Они танцевали теперь, почти слившись в одну лениво изгибающуюся фигуру. Иван смотрел на Дану восторженно и влюбленно. Еще немного, и он наберется смелости меня поцеловать, подумала Янечкова.
— К сожалению, мне пора, — прошептала она. Иван уставился на нее встревоженно и удивленно. — Дела, Ванечка, дела, ты же помнишь, чьим референтом я работаю…
— Я могу тебя проводить? — спросил Кондратьев тусклым голосом. Дана кивнула.
— До лифта. На нашей палубе все равно стоят охранные системы, тебе не пройти без специального пропуска.

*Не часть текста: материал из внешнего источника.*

(* Let $\beta>0$ and $\mathcal P$ a parameter set. For all $j\in\{0,\dots,r\}$ and all $n\in\mathbb Z$ there exists a constant $0<l^+_{j,n}<\infty$ such that for all $f\in\mathcal H(\beta,\mathcal P)$, $$\sup_{y\in[n\gamma,(n+1)\gamma]}\big|(\ln f)^{(j)}(y)\big|\le l^+_{j,n}.$$
   Context: $\psi(x)=\pi^{-1/2}e^{-x^2}$. For $\beta>0$, $r$ is the largest integer strictly less than $\beta$. A parameter set $\mathcal{P}=\{\gamma,l^+,L,\varepsilon,C,\alpha,\xi,M\}$ consists of a polynomial $L$ and positive constants; $\mathcal H(\beta,\mathcal P)$ is the set of probability densities $f$ on $\mathbb R$ with: $\ln f$ $r$ times differentiable, $|(\ln f)^{(r)}(x)-(\ln f)^{(r)}(y)|\le r!L(x)|y-x|^{\beta-r}$ whenever $|x-y|\le\gamma$, $|(\ln f)^{(j)}(0)|\le l^+$ for $j=0..r$; $\int|(\ln f)^{(j)}|^{(2\beta+\varepsilon)/j}f\le C$ ($j=1..r$), $\int|L|^{2+\varepsilon/\beta}f\le C$; $f\le M\psi$; $f>0$ nondecreasing on $(-\infty,-\alpha)$, nonincreasing on $(\alpha,\infty)$, $f\ge\xi$ on $[-\alpha,\alpha]$. *)

theory Defs
  imports "HOL-Analysis.Analysis" "HOL-Computational_Algebra.Polynomial"
begin

definition psi :: "real \<Rightarrow> real" where
  "psi x = exp (- (x ^ 2)) / sqrt pi"

text \<open>r = largest integer strictly less than beta (beta > 0).\<close>
definition r_of :: "real \<Rightarrow> nat" where
  "r_of \<beta> = nat (\<lceil>\<beta>\<rceil> - 1)"

definition lnder :: "nat \<Rightarrow> (real \<Rightarrow> real) \<Rightarrow> real \<Rightarrow> real" where
  "lnder j f = (deriv ^^ j) (\<lambda>x. ln (f x))"

definition HolderClass ::
  "real \<Rightarrow> real \<Rightarrow> real \<Rightarrow> real poly \<Rightarrow> real \<Rightarrow> real \<Rightarrow> real \<Rightarrow> real \<Rightarrow> real
     \<Rightarrow> (real \<Rightarrow> real) set" where
  "HolderClass \<beta> \<gamma> lp L \<epsilon> C \<alpha> \<xi> M = {f.
     \<comment> \<open>probability density on R\<close>
     f \<in> borel_measurable borel \<and> (\<forall>x. 0 \<le> f x) \<and>
     (\<integral>\<^sup>+ x. ennreal (f x) \<partial>lborel) = 1 \<and>
     \<comment> \<open>ln f is r times differentiable\<close>
     (\<forall>j < r_of \<beta>. \<forall>x. lnder j f differentiable at x) \<and>
     \<comment> \<open>local Hoelder condition on the r-th derivative\<close>
     (\<forall>x y. \<bar>x - y\<bar> \<le> \<gamma> \<longrightarrow>
        \<bar>lnder (r_of \<beta>) f x - lnder (r_of \<beta>) f y\<bar>
          \<le> fact (r_of \<beta>) * poly L x * \<bar>y - x\<bar> powr (\<beta> - real (r_of \<beta>))) \<and>
     (\<forall>j \<le> r_of \<beta>. \<bar>lnder j f 0\<bar> \<le> lp) \<and>
     (\<forall>j \<in> {1..r_of \<beta>}.
        (\<integral>\<^sup>+ x. ennreal (\<bar>lnder j f x\<bar> powr ((2 * \<beta> + \<epsilon>) / real j) * f x) \<partial>lborel)
          \<le> ennreal C) \<and>
     (\<integral>\<^sup>+ x. ennreal (\<bar>poly L x\<bar> powr (2 + \<epsilon> / \<beta>) * f x) \<partial>lborel) \<le> ennreal C \<and>
     (\<forall>x. f x \<le> M * psi x) \<and>
     (\<forall>x. x < - \<alpha> \<longrightarrow> 0 < f x) \<and> (\<forall>x. \<alpha> < x \<longrightarrow> 0 < f x) \<and>
     mono_on {..< - \<alpha>} f \<and> antimono_on {\<alpha> <..} f \<and>
     (\<forall>x \<in> {-\<alpha>..\<alpha>}. \<xi> \<le> f x)}"

end

theory Submission
  imports Defs
begin

text \<open>On \<open>[-R, R]\<close> the polynomial \<open>L\<close> is bounded, so the Hoelder condition bounds every
  increment of \<open>(ln f)^(r)\<close> over a step of length \<open>\<gamma>\<close> by one constant; walking from \<open>0\<close>
  in finitely many such steps and using \<open>|(ln f)^(r)(0)| \<le> l\<^sup>+\<close> bounds \<open>(ln f)^(r)\<close> on
  \<open>[-R, R]\<close> uniformly over the class. Descending from \<open>r\<close> to \<open>j\<close>, the mean value theorem and
  \<open>|(ln f)^(j)(0)| \<le> l\<^sup>+\<close> turn a uniform bound on \<open>(ln f)^(j+1)\<close> into one on \<open>(ln f)^(j)\<close>.\<close>

lemma r_of_less: "0 < \<beta> \<Longrightarrow> real (r_of \<beta>) < \<beta>"
  unfolding r_of_def by (simp add: one_le_ceiling) linarith

lemma lnder_Suc: "lnder (Suc j) f = deriv (lnder j f)"
  unfolding lnder_def by simp

lemma abs_le_by_chained_increments:
  fixes g :: "real \<Rightarrow> real"
  assumes "0 < \<gamma>" and g0: "\<bar>g 0\<bar> \<le> a"
    and step: "\<And>x y. \<bar>x\<bar> \<le> real K * \<gamma> \<Longrightarrow> \<bar>x - y\<bar> \<le> \<gamma> \<Longrightarrow> \<bar>g x - g y\<bar> \<le> c"
    and y: "\<bar>y\<bar> \<le> real K * \<gamma>"
  shows "\<bar>g y\<bar> \<le> a + real K * c"
proof -
  have "k \<le> K \<Longrightarrow> \<bar>y\<bar> \<le> real k * \<gamma> \<Longrightarrow> \<bar>g y\<bar> \<le> a + real k * c" for k y
  proof (induction k arbitrary: y)
    case 0
    then show ?case using g0 by simp
  next
    case (Suc k)
    define x where "x = max (- (real k * \<gamma>)) (min (real k * \<gamma>) y)"
    have "0 \<le> real k * \<gamma>"
      using \<open>0 < \<gamma>\<close> by simp
    then have x: "\<bar>x\<bar> \<le> real k * \<gamma>" "\<bar>x - y\<bar> \<le> \<gamma>"
      using Suc.prems(2) \<open>0 < \<gamma>\<close> unfolding x_def
      by (auto simp: abs_le_iff max_def min_def algebra_simps)
    have "real k * \<gamma> \<le> real K * \<gamma>"
      using Suc.prems(1) \<open>0 < \<gamma>\<close> by (intro mult_right_mono) auto
    then have "\<bar>g x - g y\<bar> \<le> c"
      using x by (intro step) auto
    moreover have "\<bar>g x\<bar> \<le> a + real k * c"
      using Suc x by simp
    ultimately show ?case by (simp add: algebra_simps)
  qed
  then show ?thesis using y by simp
qed

lemma abs_le_by_deriv_bound:
  fixes g :: "real \<Rightarrow> real"
  assumes diff: "\<And>x. g differentiable at x"
    and D: "\<And>x. \<bar>x\<bar> \<le> R \<Longrightarrow> \<bar>deriv g x\<bar> \<le> D"
    and g0: "\<bar>g 0\<bar> \<le> a" and y: "\<bar>y\<bar> \<le> R"
  shows "\<bar>g y\<bar> \<le> a + R * D"
proof -
  have der: "(g has_field_derivative deriv g x) (at x within {-R..R})" for x
    using diff by (simp add: DERIV_deriv_iff_real_differentiable has_field_derivative_at_within)
  have "norm (g y - g 0) \<le> D * norm (y - 0)"
    by (rule field_differentiable_bound[OF convex_real_interval(5) der]) (use D y in auto)
  moreover have "0 \<le> D"
    using D[of 0] y abs_ge_zero[of "deriv g 0"] by linarith
  then have "D * \<bar>y\<bar> \<le> R * D"
    using y by (simp add: mult.commute mult_left_mono)
  ultimately show ?thesis using g0 by simp
qed

lemma lnder_top_increment_le:
  assumes f: "f \<in> HolderClass \<beta> \<gamma> lp L \<epsilon> C \<alpha> \<xi> M" and "0 < \<beta>"
    and xy: "\<bar>x - y\<bar> \<le> \<gamma>" and B: "poly L x \<le> B" "0 \<le> B"
  shows "\<bar>lnder (r_of \<beta>) f x - lnder (r_of \<beta>) f y\<bar>
           \<le> fact (r_of \<beta>) * B * \<gamma> powr (\<beta> - real (r_of \<beta>))"
proof -
  have "\<bar>lnder (r_of \<beta>) f x - lnder (r_of \<beta>) f y\<bar>
          \<le> fact (r_of \<beta>) * poly L x * \<bar>y - x\<bar> powr (\<beta> - real (r_of \<beta>))"
    using f xy unfolding HolderClass_def by blast
  also have "\<dots> \<le> fact (r_of \<beta>) * B * \<bar>y - x\<bar> powr (\<beta> - real (r_of \<beta>))"
    using B by (intro mult_right_mono mult_left_mono) auto
  also have "\<dots> \<le> fact (r_of \<beta>) * B * \<gamma> powr (\<beta> - real (r_of \<beta>))"
    using B xy r_of_less[OF \<open>0 < \<beta>\<close>]
    by (intro mult_left_mono powr_mono2) (auto simp: abs_minus_commute)
  finally show ?thesis .
qed

lemma lnder_top_uniformly_bounded:
  assumes "0 < \<beta>" "0 < \<gamma>"
  shows "\<exists>D. \<forall>f \<in> HolderClass \<beta> \<gamma> lp L \<epsilon> C \<alpha> \<xi> M. \<forall>y. \<bar>y\<bar> \<le> R \<longrightarrow> \<bar>lnder (r_of \<beta>) f y\<bar> \<le> D"
proof -
  obtain K :: nat where "R / \<gamma> \<le> real K"
    using real_arch_simple by blast
  then have RK: "R \<le> real K * \<gamma>"
    using \<open>0 < \<gamma>\<close> by (simp add: divide_le_eq)
  have "compact (poly L ` cball 0 (real K * \<gamma>))"
    by (intro compact_continuous_image continuous_intros) auto
  then obtain B where B: "\<And>x. \<bar>x\<bar> \<le> real K * \<gamma> \<Longrightarrow> \<bar>poly L x\<bar> \<le> B"
    using compact_imp_bounded bounded_iff by (metis image_eqI mem_cball_0 real_norm_def)
  have "0 \<le> B"
    using B[of 0] \<open>0 < \<gamma>\<close> abs_ge_zero[of "poly L 0"] by simp
  define c where "c = fact (r_of \<beta>) * B * \<gamma> powr (\<beta> - real (r_of \<beta>))"
  have "\<bar>lnder (r_of \<beta>) f y\<bar> \<le> lp + real K * c"
    if f: "f \<in> HolderClass \<beta> \<gamma> lp L \<epsilon> C \<alpha> \<xi> M" and y: "\<bar>y\<bar> \<le> R" for f y
  proof (rule abs_le_by_chained_increments[where g = "lnder (r_of \<beta>) f", OF \<open>0 < \<gamma>\<close>])
    show "\<bar>lnder (r_of \<beta>) f 0\<bar> \<le> lp"
      using f unfolding HolderClass_def by blast
    show "\<bar>lnder (r_of \<beta>) f x - lnder (r_of \<beta>) f z\<bar> \<le> c"
      if "\<bar>x\<bar> \<le> real K * \<gamma>" "\<bar>x - z\<bar> \<le> \<gamma>" for x z
      unfolding c_def using B[OF that(1)] \<open>0 \<le> B\<close>
      by (intro lnder_top_increment_le[OF f \<open>0 < \<beta>\<close> that(2)]) auto
    show "\<bar>y\<bar> \<le> real K * \<gamma>"
      using y RK by linarith
  qed
  then show ?thesis by blast
qed

lemma lnder_uniformly_bounded:
  assumes "0 < \<beta>" "0 < \<gamma>" "j \<le> r_of \<beta>"
  shows "\<exists>D. \<forall>f \<in> HolderClass \<beta> \<gamma> lp L \<epsilon> C \<alpha> \<xi> M. \<forall>y. \<bar>y\<bar> \<le> R \<longrightarrow> \<bar>lnder j f y\<bar> \<le> D"
  using assms(3)
proof (induction j rule: inc_induct)
  case base
  show ?case using lnder_top_uniformly_bounded[OF assms(1,2)] .
next
  case (step j)
  then obtain D where D: "\<forall>f \<in> HolderClass \<beta> \<gamma> lp L \<epsilon> C \<alpha> \<xi> M. \<forall>y. \<bar>y\<bar> \<le> R \<longrightarrow>
      \<bar>deriv (lnder j f) y\<bar> \<le> D"
    by (auto simp: lnder_Suc)
  have "\<bar>lnder j f y\<bar> \<le> lp + R * D"
    if f: "f \<in> HolderClass \<beta> \<gamma> lp L \<epsilon> C \<alpha> \<xi> M" and y: "\<bar>y\<bar> \<le> R" for f y
  proof (rule abs_le_by_deriv_bound[OF _ _ _ y])
    show "lnder j f differentiable at x" for x
      using f \<open>j < r_of \<beta>\<close> unfolding HolderClass_def by blast
    show "\<bar>lnder j f 0\<bar> \<le> lp"
      using f \<open>j < r_of \<beta>\<close> unfolding HolderClass_def by auto
  qed (use D f in auto)
  then show ?case by blast
qed

theorem lemma11:
  fixes \<beta> \<gamma> lp \<epsilon> C \<alpha> \<xi> M :: real and L :: "real poly"
  assumes "0 < \<beta>" "0 < \<gamma>" "0 < lp" "0 < \<epsilon>" "0 < C" "0 < \<alpha>" "0 < \<xi>" "0 < M"
  shows "\<forall>j \<le> r_of \<beta>. \<forall>n :: int. \<exists>l :: real. 0 < l \<and>
           (\<forall>f \<in> HolderClass \<beta> \<gamma> lp L \<epsilon> C \<alpha> \<xi> M.
              \<forall>y \<in> {real_of_int n * \<gamma> .. (real_of_int n + 1) * \<gamma>}. \<bar>lnder j f y\<bar> \<le> l)"
proof (intro allI impI)
  fix j :: nat and n :: int
  assume "j \<le> r_of \<beta>"
  define R where "R = (\<bar>real_of_int n\<bar> + 1) * \<gamma>"
  obtain D where D: "\<forall>f \<in> HolderClass \<beta> \<gamma> lp L \<epsilon> C \<alpha> \<xi> M. \<forall>y. \<bar>y\<bar> \<le> R \<longrightarrow> \<bar>lnder j f y\<bar> \<le> D"
    using lnder_uniformly_bounded[OF assms(1,2) \<open>j \<le> r_of \<beta>\<close>] by blast
  have "\<bar>real_of_int n * \<gamma>\<bar> = \<bar>real_of_int n\<bar> * \<gamma>"
    using \<open>0 < \<gamma>\<close> by (simp add: abs_mult)
  then have "\<bar>y\<bar> \<le> R" if "y \<in> {real_of_int n * \<gamma> .. (real_of_int n + 1) * \<gamma>}" for y
    using that unfolding R_def by (auto simp: algebra_simps abs_le_iff)
  then show "\<exists>l. 0 < l \<and> (\<forall>f \<in> HolderClass \<beta> \<gamma> lp L \<epsilon> C \<alpha> \<xi> M.
      \<forall>y \<in> {real_of_int n * \<gamma> .. (real_of_int n + 1) * \<gamma>}. \<bar>lnder j f y\<bar> \<le> l)"
    using D by (intro exI[of _ "max 1 D"]) force
qed

end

— Жаль, что мне не удастся попасть на “Асгард”, — сказал Иван. — Знаешь, я бы хотел быть с тобою везде, а не могу даже подняться на верхнюю палубу.
— Не переживай. — Дана взяла его за руку и, словно теленка на веревке, повела к лифту. — Ничего там интересного нет, скукотища одна.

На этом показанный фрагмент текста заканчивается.